ASSIGNED TASK — Entries follow. Return each line that contains the word "intros".

STUDY MATERIAL —
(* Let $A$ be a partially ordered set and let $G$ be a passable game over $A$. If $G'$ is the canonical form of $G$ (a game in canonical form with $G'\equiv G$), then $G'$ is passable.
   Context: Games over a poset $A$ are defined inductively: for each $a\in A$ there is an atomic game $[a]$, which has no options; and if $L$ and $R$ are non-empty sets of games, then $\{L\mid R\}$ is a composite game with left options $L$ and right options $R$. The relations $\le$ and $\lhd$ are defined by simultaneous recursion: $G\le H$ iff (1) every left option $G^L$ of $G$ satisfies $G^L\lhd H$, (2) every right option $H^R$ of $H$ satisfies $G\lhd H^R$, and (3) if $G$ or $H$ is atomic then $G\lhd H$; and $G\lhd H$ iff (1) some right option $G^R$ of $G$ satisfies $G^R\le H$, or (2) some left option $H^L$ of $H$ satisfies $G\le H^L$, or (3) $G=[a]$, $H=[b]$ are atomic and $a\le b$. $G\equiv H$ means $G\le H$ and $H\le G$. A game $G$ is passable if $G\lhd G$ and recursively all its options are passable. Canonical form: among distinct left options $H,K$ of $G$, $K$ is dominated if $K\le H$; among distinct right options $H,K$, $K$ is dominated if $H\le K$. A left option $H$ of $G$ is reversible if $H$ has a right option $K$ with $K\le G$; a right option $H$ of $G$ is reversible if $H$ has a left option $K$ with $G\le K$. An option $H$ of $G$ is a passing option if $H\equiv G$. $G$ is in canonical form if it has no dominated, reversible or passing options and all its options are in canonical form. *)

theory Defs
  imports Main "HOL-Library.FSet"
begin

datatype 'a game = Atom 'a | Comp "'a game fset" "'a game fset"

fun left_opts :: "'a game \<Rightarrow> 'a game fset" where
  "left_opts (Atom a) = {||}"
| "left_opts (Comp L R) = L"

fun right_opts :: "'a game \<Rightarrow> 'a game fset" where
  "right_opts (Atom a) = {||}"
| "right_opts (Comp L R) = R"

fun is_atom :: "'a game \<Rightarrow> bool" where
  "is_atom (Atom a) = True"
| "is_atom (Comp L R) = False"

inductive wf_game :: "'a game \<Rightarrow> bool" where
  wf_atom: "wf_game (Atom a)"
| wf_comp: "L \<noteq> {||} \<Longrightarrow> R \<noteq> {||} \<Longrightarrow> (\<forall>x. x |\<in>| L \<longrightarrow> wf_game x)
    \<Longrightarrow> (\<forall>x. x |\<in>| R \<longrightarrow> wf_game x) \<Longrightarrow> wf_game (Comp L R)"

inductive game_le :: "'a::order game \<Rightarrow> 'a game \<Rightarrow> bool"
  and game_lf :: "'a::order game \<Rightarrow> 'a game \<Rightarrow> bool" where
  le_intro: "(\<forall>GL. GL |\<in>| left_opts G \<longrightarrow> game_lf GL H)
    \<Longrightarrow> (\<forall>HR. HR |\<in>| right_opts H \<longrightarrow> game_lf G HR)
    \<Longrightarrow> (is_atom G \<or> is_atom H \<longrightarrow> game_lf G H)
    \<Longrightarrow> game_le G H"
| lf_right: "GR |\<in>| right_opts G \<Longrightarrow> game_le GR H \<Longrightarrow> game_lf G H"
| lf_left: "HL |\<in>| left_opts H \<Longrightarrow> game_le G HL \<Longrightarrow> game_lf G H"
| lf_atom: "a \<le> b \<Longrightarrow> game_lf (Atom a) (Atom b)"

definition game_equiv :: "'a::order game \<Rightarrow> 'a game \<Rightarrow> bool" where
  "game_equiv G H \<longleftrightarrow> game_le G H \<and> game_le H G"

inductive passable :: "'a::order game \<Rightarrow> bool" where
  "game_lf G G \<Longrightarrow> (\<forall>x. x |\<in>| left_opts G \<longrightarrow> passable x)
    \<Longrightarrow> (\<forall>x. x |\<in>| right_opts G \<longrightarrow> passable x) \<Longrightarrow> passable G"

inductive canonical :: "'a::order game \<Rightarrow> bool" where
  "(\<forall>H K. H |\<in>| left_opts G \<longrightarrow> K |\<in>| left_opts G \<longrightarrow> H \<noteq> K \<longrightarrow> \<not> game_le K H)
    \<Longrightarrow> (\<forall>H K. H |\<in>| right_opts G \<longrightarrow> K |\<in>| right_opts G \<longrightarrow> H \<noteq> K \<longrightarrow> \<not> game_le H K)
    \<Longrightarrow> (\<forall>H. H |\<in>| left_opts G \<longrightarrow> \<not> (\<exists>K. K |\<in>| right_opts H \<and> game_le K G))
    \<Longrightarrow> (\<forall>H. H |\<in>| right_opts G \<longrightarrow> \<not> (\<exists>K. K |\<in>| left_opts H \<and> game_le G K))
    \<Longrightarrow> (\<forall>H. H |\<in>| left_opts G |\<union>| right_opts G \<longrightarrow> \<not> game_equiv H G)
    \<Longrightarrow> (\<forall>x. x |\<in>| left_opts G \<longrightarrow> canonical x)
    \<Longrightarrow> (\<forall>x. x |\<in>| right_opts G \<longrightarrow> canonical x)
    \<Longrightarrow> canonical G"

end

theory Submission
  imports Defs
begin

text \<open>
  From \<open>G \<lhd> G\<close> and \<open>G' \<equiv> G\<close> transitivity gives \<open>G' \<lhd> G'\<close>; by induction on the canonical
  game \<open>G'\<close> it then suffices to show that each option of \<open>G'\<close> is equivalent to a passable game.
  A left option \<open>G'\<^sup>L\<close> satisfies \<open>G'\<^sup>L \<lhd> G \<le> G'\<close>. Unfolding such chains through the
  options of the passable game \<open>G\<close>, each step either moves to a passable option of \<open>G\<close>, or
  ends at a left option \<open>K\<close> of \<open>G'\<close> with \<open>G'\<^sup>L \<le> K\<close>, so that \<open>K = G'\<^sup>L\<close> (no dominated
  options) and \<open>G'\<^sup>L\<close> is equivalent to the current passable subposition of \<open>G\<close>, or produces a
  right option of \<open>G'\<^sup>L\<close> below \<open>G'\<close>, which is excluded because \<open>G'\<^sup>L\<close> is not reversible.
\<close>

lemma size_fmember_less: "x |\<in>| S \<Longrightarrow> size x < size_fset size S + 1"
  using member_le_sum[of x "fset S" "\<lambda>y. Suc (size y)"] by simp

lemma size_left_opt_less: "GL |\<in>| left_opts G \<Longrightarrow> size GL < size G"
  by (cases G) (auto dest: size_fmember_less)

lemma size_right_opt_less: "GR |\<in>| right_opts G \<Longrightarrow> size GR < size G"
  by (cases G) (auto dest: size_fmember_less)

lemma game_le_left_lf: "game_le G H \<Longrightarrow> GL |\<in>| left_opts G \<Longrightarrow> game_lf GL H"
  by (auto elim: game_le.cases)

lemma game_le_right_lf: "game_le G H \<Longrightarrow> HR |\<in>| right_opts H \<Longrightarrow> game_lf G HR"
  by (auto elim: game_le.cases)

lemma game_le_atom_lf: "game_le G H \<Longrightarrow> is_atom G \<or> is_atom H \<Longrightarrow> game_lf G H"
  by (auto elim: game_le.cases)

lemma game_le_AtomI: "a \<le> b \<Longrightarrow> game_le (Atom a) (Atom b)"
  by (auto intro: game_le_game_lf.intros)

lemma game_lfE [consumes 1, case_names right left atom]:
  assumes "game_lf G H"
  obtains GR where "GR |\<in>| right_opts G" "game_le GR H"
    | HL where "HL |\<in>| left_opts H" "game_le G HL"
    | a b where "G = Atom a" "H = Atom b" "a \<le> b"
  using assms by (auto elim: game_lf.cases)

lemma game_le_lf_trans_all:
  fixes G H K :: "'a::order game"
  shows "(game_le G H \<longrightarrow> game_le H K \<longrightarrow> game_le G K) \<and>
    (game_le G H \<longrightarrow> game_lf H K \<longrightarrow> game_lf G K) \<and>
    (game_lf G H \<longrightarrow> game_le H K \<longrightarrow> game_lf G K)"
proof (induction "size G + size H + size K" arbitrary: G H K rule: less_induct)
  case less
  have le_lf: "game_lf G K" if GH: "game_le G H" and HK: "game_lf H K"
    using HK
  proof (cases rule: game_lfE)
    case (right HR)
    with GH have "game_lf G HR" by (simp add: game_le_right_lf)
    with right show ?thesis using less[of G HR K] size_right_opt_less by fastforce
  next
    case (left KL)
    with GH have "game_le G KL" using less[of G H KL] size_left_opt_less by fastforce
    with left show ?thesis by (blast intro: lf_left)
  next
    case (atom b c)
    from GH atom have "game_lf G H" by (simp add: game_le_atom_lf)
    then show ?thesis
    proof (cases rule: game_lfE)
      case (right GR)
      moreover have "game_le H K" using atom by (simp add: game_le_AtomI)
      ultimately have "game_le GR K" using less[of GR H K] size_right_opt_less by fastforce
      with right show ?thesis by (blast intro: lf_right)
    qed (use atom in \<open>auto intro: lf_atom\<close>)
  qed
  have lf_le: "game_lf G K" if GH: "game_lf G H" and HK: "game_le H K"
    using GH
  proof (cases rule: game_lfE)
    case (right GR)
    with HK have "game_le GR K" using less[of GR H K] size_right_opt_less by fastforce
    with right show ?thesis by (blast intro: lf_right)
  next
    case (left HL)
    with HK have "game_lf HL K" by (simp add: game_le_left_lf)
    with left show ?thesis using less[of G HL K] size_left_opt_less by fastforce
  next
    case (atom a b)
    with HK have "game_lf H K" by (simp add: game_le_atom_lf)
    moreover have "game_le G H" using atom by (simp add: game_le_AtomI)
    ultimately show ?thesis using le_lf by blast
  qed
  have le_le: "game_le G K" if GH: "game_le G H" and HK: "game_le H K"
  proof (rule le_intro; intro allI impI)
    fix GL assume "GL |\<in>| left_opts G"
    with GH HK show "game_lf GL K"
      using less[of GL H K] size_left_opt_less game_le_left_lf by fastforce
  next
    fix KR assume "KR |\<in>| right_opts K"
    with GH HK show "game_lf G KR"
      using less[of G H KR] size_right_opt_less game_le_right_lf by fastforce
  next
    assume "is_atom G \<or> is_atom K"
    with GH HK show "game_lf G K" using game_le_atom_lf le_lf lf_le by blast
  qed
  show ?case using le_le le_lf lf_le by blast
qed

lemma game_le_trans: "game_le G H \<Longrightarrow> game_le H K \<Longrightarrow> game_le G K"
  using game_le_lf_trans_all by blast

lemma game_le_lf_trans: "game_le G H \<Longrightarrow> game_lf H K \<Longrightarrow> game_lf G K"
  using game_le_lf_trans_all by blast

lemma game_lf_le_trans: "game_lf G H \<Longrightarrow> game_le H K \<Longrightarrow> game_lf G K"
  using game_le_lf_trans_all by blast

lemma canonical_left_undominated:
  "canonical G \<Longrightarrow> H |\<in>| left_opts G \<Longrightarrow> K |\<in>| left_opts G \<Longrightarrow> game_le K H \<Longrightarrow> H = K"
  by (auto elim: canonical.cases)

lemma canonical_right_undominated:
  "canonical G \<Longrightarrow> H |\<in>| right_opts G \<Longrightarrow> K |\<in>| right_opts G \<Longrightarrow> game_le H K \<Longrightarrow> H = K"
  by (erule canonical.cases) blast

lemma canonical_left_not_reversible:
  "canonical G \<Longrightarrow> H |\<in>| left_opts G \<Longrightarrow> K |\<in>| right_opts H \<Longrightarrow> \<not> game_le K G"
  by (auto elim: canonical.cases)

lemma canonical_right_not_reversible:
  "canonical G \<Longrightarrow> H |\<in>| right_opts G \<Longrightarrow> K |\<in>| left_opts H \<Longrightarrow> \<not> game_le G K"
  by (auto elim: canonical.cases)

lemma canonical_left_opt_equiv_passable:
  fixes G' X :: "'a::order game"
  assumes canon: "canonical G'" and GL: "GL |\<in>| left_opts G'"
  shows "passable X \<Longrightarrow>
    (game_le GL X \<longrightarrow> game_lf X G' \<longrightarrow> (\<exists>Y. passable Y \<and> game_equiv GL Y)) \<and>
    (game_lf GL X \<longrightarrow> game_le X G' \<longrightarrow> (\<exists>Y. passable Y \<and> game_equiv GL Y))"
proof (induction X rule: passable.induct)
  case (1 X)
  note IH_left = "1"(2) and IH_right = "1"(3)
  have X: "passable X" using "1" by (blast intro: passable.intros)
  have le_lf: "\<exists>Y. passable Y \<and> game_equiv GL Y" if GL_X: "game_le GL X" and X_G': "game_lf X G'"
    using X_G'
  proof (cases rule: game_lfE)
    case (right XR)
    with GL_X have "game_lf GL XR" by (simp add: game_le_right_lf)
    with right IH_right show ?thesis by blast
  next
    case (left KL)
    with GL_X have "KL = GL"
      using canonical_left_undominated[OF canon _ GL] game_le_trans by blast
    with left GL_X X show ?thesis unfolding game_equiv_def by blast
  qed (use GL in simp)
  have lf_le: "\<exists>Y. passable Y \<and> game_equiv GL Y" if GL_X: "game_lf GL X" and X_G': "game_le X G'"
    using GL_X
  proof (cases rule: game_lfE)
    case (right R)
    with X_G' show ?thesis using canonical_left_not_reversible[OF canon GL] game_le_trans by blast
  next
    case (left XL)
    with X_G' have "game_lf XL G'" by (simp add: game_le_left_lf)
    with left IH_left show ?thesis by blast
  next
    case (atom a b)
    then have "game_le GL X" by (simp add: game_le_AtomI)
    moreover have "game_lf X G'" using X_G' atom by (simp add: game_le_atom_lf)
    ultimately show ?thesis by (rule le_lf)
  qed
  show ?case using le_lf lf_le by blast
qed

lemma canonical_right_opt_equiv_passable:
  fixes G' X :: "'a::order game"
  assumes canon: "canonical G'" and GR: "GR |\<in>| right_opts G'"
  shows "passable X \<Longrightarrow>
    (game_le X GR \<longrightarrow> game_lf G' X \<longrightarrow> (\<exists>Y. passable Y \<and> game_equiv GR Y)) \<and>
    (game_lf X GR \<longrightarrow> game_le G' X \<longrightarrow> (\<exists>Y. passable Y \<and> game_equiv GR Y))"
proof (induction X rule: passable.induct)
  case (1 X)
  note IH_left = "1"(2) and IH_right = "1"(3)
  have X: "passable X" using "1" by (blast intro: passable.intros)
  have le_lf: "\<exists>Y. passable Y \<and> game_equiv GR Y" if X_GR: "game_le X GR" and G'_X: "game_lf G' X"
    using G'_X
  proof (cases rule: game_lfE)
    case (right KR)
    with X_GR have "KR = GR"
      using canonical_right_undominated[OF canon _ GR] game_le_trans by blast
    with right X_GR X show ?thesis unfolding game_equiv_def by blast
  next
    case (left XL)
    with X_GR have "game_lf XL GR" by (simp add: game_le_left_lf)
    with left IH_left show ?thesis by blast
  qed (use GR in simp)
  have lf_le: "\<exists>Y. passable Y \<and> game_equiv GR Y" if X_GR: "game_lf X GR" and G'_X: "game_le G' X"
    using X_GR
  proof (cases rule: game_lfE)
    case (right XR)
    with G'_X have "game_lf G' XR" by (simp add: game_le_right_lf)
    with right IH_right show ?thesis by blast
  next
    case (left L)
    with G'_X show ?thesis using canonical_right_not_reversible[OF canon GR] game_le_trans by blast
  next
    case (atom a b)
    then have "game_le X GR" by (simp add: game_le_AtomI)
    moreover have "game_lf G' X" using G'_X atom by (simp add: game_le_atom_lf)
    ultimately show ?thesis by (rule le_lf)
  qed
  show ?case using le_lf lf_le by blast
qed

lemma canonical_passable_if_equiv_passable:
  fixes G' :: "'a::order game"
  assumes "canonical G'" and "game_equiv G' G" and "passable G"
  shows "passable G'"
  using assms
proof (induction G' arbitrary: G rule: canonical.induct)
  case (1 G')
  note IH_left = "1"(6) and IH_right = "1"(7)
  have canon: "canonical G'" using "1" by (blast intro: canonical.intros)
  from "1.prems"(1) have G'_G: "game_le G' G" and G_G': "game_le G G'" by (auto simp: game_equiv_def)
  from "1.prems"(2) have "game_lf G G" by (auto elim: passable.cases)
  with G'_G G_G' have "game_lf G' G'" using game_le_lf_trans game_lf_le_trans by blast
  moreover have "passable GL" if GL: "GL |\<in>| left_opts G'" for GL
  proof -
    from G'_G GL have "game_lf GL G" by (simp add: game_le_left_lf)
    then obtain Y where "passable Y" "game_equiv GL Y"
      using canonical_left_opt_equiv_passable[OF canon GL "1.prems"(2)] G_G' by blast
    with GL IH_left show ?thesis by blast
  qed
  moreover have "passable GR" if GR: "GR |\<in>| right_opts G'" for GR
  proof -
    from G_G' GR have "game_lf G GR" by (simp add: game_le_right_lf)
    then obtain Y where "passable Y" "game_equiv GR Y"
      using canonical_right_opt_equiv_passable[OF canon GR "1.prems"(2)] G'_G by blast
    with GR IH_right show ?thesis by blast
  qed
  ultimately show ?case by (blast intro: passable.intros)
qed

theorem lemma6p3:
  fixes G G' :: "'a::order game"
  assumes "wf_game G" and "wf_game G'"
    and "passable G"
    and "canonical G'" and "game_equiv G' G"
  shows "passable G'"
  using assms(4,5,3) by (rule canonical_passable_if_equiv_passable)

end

EXERCISE SOLUTION —
  by (auto intro: game_le_game_lf.intros)
  have X: "passable X" using "1" by (blast intro: passable.intros)
  have X: "passable X" using "1" by (blast intro: passable.intros)
  have canon: "canonical G'" using "1" by (blast intro: canonical.intros)
  ultimately show ?case by (blast intro: passable.intros)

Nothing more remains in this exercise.